In ThoughtSpot headquarters, there are 2 monitors displaying tests results on our master branch. Every day as you walk into work, these monitors are flickering with some redness. Occasionally you see all-green builds, but typically such joy is short lived and requires a non-trivial effort across the team to resolve.
So why is our master so easily broken? Because every team checks in their code to master directly.
To be fair, this is an efficient way of developing. Development is always on the latest code from all teams; your tests are always running against the latest integration - and all that is great! However, there’s a trade-off between freshness and correctness--coverage. You cannot throw all your rigorous test suites against each commit to master. For example, once a regression is accidentally introduced in master, it could take a while before it’s detected, and could take significant effort to find and revert/fix the offending change among hundreds of commits. When one team’s changes break another team’s functionality, it takes even more effort to figure that out. Gradually developers give up chasing after test failures and things can quickly degenerate into perpetually broken builds.
Once in this steady state, why bother with monitoring build quality? Instead, as a developer it’s tempting to just focus on features and come back to fix tests when we need to release. So people tend to ignore failed tests and we end up in a vicious cycle of poor builds perpetuating more poor builds.
Why is green master important? A constantly green master branch can help deliver software on time and unblock testing, thus increasing the effective amount of testing exposure and improving overall product quality. Is there a practical path from the world of broken builds to green master, green like kale?

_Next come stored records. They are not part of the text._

(* Let $A,B:(0,\infty)\to(0,\infty)$ be the functions $A=\tfrac r3\sqrt{1-r^{-3}}$, $B=\tfrac r{\sqrt3}$, where $r=r(t)\in(1,\infty)$ is determined by $\dot A=\tfrac12(1-A^2/B^2)$, $\dot B=A/B$ with $r\to1$ as $t\to0$. Consider the ODE system $$\dot f_+=\frac{f_+}{A}\Bigl(1-\frac{A^2}{B^2}-f_+\Bigr)+f_-^2\frac{A}{B^2},\qquad \dot f_-=\frac{2f_-}{A}(f_+-1).$$ If a solution $(f_+,f_-)$ lies in $\mathcal{R}_0=\{\tfrac23<f_+<1,\ 0<f_-<1\}$ at some time $t_0>0$, then it exists for all $t\ge t_0$ and converges to $(\tfrac23,0)$, with $$f_+=\tfrac23+\mu t^{-2}+O(t^{-3}),\qquad f_-=\nu t^{-2}+O(t^{-3})\qquad (t\to\infty)$$ for some non-zero real numbers $\mu,\nu$.
   Context: $A$ and $B$ are the metric coefficients of the Bryant–Salamon $G_2$-metric on $\mathbf{S}(S^3)$; the system is the $\mathrm{SU}(2)^3$-invariant $G_2$-instanton equation for $\mathrm{SU}(2)$-connections $f_+\sum_iE_i\otimes e_i^++f_-\sum_iE_i\otimes e_i^-$, and $(\tfrac23,0)$ corresponds to the nearly-Kähler instanton $A^{nK}$. *)

theory Defs
  imports Complex_Main "HOL-Library.Landau_Symbols"
begin

definition fplus_rhs :: "real \<Rightarrow> real \<Rightarrow> real \<Rightarrow> real \<Rightarrow> real" where
  "fplus_rhs a b fp fm = fp / a * (1 - a\<^sup>2 / b\<^sup>2 - fp) + fm\<^sup>2 * a / b\<^sup>2"

definition fminus_rhs :: "real \<Rightarrow> real \<Rightarrow> real \<Rightarrow> real \<Rightarrow> real" where
  "fminus_rhs a b fp fm = 2 * fm / a * (fp - 1)"

definition instanton_sol ::
  "(real \<Rightarrow> real) \<Rightarrow> (real \<Rightarrow> real) \<Rightarrow> (real \<Rightarrow> real) \<Rightarrow> (real \<Rightarrow> real) \<Rightarrow> real set \<Rightarrow> bool" where
  "instanton_sol A B fp fm I \<longleftrightarrow>
     (\<forall>t\<in>I. (fp has_real_derivative fplus_rhs (A t) (B t) (fp t) (fm t)) (at t within I) \<and>
             (fm has_real_derivative fminus_rhs (A t) (B t) (fp t) (fm t)) (at t within I))"

end

theory Submission
  imports Defs "HOL-Analysis.Henstock_Kurzweil_Integration" "HOL-Analysis.Lipschitz"
begin

text \<open>
  Write \<open>\<epsilon> = 1/3 - A\<^sup>2/B\<^sup>2\<close>; for the Bryant--Salamon metric \<open>\<epsilon> = 1/(3 r\<^sup>3)\<close>, so \<open>\<epsilon>\<close> is positive,
  decreasing and at most \<open>1/(81 A\<^sup>3)\<close>, while \<open>A' = 1/3 + \<epsilon>/2\<close> makes \<open>A\<close> grow like \<open>t/3\<close>. The
  system reads \<open>f\<^sub>+' = (f\<^sub>+ (2/3 + \<epsilon> - f\<^sub>+) + f\<^sub>-\<^sup>2 (1/3 - \<epsilon>)) / A\<close>, \<open>f\<^sub>-' = 2 f\<^sub>- (f\<^sub>+ - 1) / A\<close>.

  Existence: clamped to the unit square the field is globally Lipschitz, so Picard iteration
  yields a solution on \<open>[t0, \<infinity>)\<close>. For a suitable \<open>q < 1\<close> the region
  \<open>2/3 < f\<^sub>+ < q, 0 < f\<^sub>- < 1\<close> is forward invariant, hence the clamping never acts.
  Uniqueness is Gronwall's inequality for the squared distance of two solutions.

  Asymptotics: put \<open>\<Phi> = A\<^sup>2 (f\<^sub>+ - 2/3)\<close> and \<open>\<Psi> = A\<^sup>2 f\<^sub>-\<close>. A bootstrap
  (\<open>f\<^sub>- = O(A\<^sup>-\<^sup>\<beta>)\<close>, then \<open>\<Phi> = O(A\<^sup>2\<^sup>-\<^sup>2\<^sup>\<beta>)\<close>, then \<open>\<Psi>\<close> and \<open>\<Phi>\<close> bounded) gives
  \<open>\<Phi>' = O(A\<^sup>-\<^sup>2)\<close> and \<open>(ln \<Psi>)' = O(A\<^sup>-\<^sup>3)\<close>, so \<open>\<Phi> \<rightarrow> M > 0\<close> and \<open>\<Psi> \<rightarrow> N > 0\<close> with error
  \<open>O(1/A)\<close>. Since \<open>t - 3A\<close> stays bounded, \<open>f\<^sub>+ = 2/3 + 9M/t\<^sup>2 + O(t\<^sup>-\<^sup>3)\<close> and
  \<open>f\<^sub>- = 9N/t\<^sup>2 + O(t\<^sup>-\<^sup>3)\<close>.
\<close>

section \<open>Real analysis on a half-line\<close>

lemma integral_has_vector_derivative_ray:
  fixes g :: "real \<Rightarrow> 'a::banach"
  assumes "continuous_on {a..} g" "a \<le> t"
  shows "((\<lambda>x. integral {a..x} g) has_vector_derivative g t) (at t within {a..})"
proof -
  have "((\<lambda>x. integral {a..x} g) has_vector_derivative g t) (at t within {a..t+1})"
    using assms by (intro integral_has_vector_derivative) (auto elim: continuous_on_subset)
  moreover have "at t within {a..t+1} = at t within {a..}"
    by (rule at_within_nhd[where S="{..<t+1}"]) auto
  ultimately show ?thesis by simp
qed
(* Let $L$ be a finite-dimensional pure, nonnilpotent, solvable Lie algebra over $\mathbb{C}$ of breadth $2$ such that $\dim[L,L]=2$ and $\dim L^k=2$ for all integers $k\geq 2$. Then $L$ has a basis such that one of the following holds (in each case the listed brackets are the only nonzero brackets of basis elements, up to antisymmetry): (1) basis $\{x_1,x_2,x_3,x_4,x_5\}$ with $[x_1,x_5]=x_4$, $[x_2,x_4]=x_4$, $[x_3,x_5]=x_5$; (2) $L=\mathrm{span}\{x_1,x_2\}\oplus\mathrm{span}\{x_3,x_4\}$ (direct sum of Lie algebras) with $[x_1,x_2]=x_2$, $[x_3,x_4]=x_4$; (3) basis $\{x_1,x_2,x_3,x_4\}$ with $[x_1,x_4]=x_3$, $[x_2,x_3]=x_3$, $[x_2,x_4]=x_4$; (4) basis $\{x_1,x_2,x_3\}$ with $[x_1,x_2]=x_2$, $[x_1,x_3]=x_2+x_3$; (5) basis $\{x_1,x_2,x_3\}$ with $[x_1,x_2]=x_2$, $[x_1,x_3]=\gamma x_3$ for some $\gamma\in\mathbb{C}\setminus\{0\}$.
   Context: For $x\in L$, the breadth of $x$ is $b(x)=\mathrm{rank}(\mathrm{ad}_x)$, and $b(L)=\max\{b(x)\mid x\in L\}$. $L$ is pure if it has no abelian ideal as a direct summand; equivalently $Z(L)\subseteq[L,L]$, where $Z(L)$ is the center. The lower central series is indexed by $L^0=L$, $L^1=[L,L]$ and $L^k=[L,L^{k-1}]$ for $k\geq 2$. *)

theory Defs
  imports Complex_Main
begin

text \<open>A complex Lie algebra is modelled as the whole carrier type 'a, equipped with a
  complex scalar multiplication sc (making 'a a complex vector space) and a bracket br.\<close>

definition lie_algebra :: "(complex \<Rightarrow> 'a::ab_group_add \<Rightarrow> 'a) \<Rightarrow> ('a \<Rightarrow> 'a \<Rightarrow> 'a) \<Rightarrow> bool" where
  "lie_algebra sc br \<longleftrightarrow> vector_space sc \<and>
     (\<forall>x y z. br (x + y) z = br x z + br y z) \<and>
     (\<forall>x y z. br x (y + z) = br x y + br x z) \<and>
     (\<forall>c x y. br (sc c x) y = sc c (br x y)) \<and>
     (\<forall>c x y. br x (sc c y) = sc c (br x y)) \<and>
     (\<forall>x. br x x = 0) \<and>
     (\<forall>x y z. br x (br y z) + br y (br z x) + br z (br x y) = 0)"

definition fin_dim :: "(complex \<Rightarrow> 'a::ab_group_add \<Rightarrow> 'a) \<Rightarrow> bool" where
  "fin_dim sc \<longleftrightarrow> (\<exists>B. finite B \<and> module.span sc B = UNIV)"

definition brk_set :: "(complex \<Rightarrow> 'a::ab_group_add \<Rightarrow> 'a) \<Rightarrow> ('a \<Rightarrow> 'a \<Rightarrow> 'a) \<Rightarrow> 'a set \<Rightarrow> 'a set \<Rightarrow> 'a set" where
  "brk_set sc br A B = module.span sc {br a b | a b. a \<in> A \<and> b \<in> B}"

fun lcs :: "(complex \<Rightarrow> 'a::ab_group_add \<Rightarrow> 'a) \<Rightarrow> ('a \<Rightarrow> 'a \<Rightarrow> 'a) \<Rightarrow> nat \<Rightarrow> 'a set" where
  "lcs sc br 0 = UNIV"
| "lcs sc br (Suc k) = brk_set sc br UNIV (lcs sc br k)"

fun dsr :: "(complex \<Rightarrow> 'a::ab_group_add \<Rightarrow> 'a) \<Rightarrow> ('a \<Rightarrow> 'a \<Rightarrow> 'a) \<Rightarrow> nat \<Rightarrow> 'a set" where
  "dsr sc br 0 = UNIV"
| "dsr sc br (Suc k) = brk_set sc br (dsr sc br k) (dsr sc br k)"

definition solvable :: "(complex \<Rightarrow> 'a::ab_group_add \<Rightarrow> 'a) \<Rightarrow> ('a \<Rightarrow> 'a \<Rightarrow> 'a) \<Rightarrow> bool" where
  "solvable sc br \<longleftrightarrow> (\<exists>k. dsr sc br k = {0})"

definition nilpotent :: "(complex \<Rightarrow> 'a::ab_group_add \<Rightarrow> 'a) \<Rightarrow> ('a \<Rightarrow> 'a \<Rightarrow> 'a) \<Rightarrow> bool" where
  "nilpotent sc br \<longleftrightarrow> (\<exists>k. lcs sc br k = {0})"

definition lie_ideal :: "(complex \<Rightarrow> 'a::ab_group_add \<Rightarrow> 'a) \<Rightarrow> ('a \<Rightarrow> 'a \<Rightarrow> 'a) \<Rightarrow> 'a set \<Rightarrow> bool" where
  "lie_ideal sc br I \<longleftrightarrow> module.subspace sc I \<and> (\<forall>x y. y \<in> I \<longrightarrow> br x y \<in> I)"

definition pure :: "(complex \<Rightarrow> 'a::ab_group_add \<Rightarrow> 'a) \<Rightarrow> ('a \<Rightarrow> 'a \<Rightarrow> 'a) \<Rightarrow> bool" where
  "pure sc br \<longleftrightarrow> \<not> (\<exists>A B. lie_ideal sc br A \<and> lie_ideal sc br B \<and> A \<noteq> {0} \<and>
      (\<forall>a\<in>A. \<forall>a'\<in>A. br a a' = 0) \<and> A \<inter> B = {0} \<and> {a + b | a b. a \<in> A \<and> b \<in> B} = UNIV)"

definition breadth_elt :: "(complex \<Rightarrow> 'a::ab_group_add \<Rightarrow> 'a) \<Rightarrow> ('a \<Rightarrow> 'a \<Rightarrow> 'a) \<Rightarrow> 'a \<Rightarrow> nat" where
  "breadth_elt sc br x = vector_space.dim sc (range (br x))"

One way to reason about it is to revisit where we stand in the freshness-correctness tradeoff. A world where every change goes to master is on the extreme end of freshness. Perhaps we need to trade off some freshness for correctness. One idea that comes to mind is to separate the master branch into different team branches. After separating, each team will have to develop on their own branches. Direct code check into master will not be allowed anymore. Of course we still want to run some quick sanity tests whenever local code changes checks into team branches, so we can catch bugs as early as possible. But in order to allow merge to master, a much larger test suite is required to run. This suite will cover all aspects of our applications that will be affected by code changes, from backend to front end. This test suite could take a few hours to finish and merge frequency is reduced - but that’s what we are signing off with the freshness-correctness trade off.
We made our first step towards a perpetually green master at ThoughtSpot this year using this scheme, and things have been looking up. However, this theoretical idea runs into multiple practical issues routinely. If a component branch fails to integrate with master on a given day for any reason, they miss that window of opportunity and need to wait for another day until all such blockers (bugs) are removed. We’ve found that in some pathological conditions, this may happen quite frequently and the affected component branch keeps falling behind master with every passing day. That’s why we adopted a two way strategy - constantly down merging from master to team branch. We run same qualify jobs on master branch constantly, merging into every team branch if tests succeeded. This way we can guarantee every team branch is up to date with master branch.
There is another advantage of running tests on master branch constantly. When we run qualify tests for each team branch, we do a local merge to master first. By running the same tests on master constantly, we can be more confident that the issue is not coming from the master branch.
Since the adoption of this model, we have been happy to see green master more and more often. The red pixels on our build monitors have been aching to be called into action, but to no avail! Of course, there are many places where things can still be improved. We should add more tests in qualify jobs, including performance tests. We should allocate resources to allow qualify test suites run more often to catch bug earlier.
The most exciting part is we can start working on continuous delivery now. With a smooth CI model, we should be able to easily achieve CD and then Nirvana, in that order!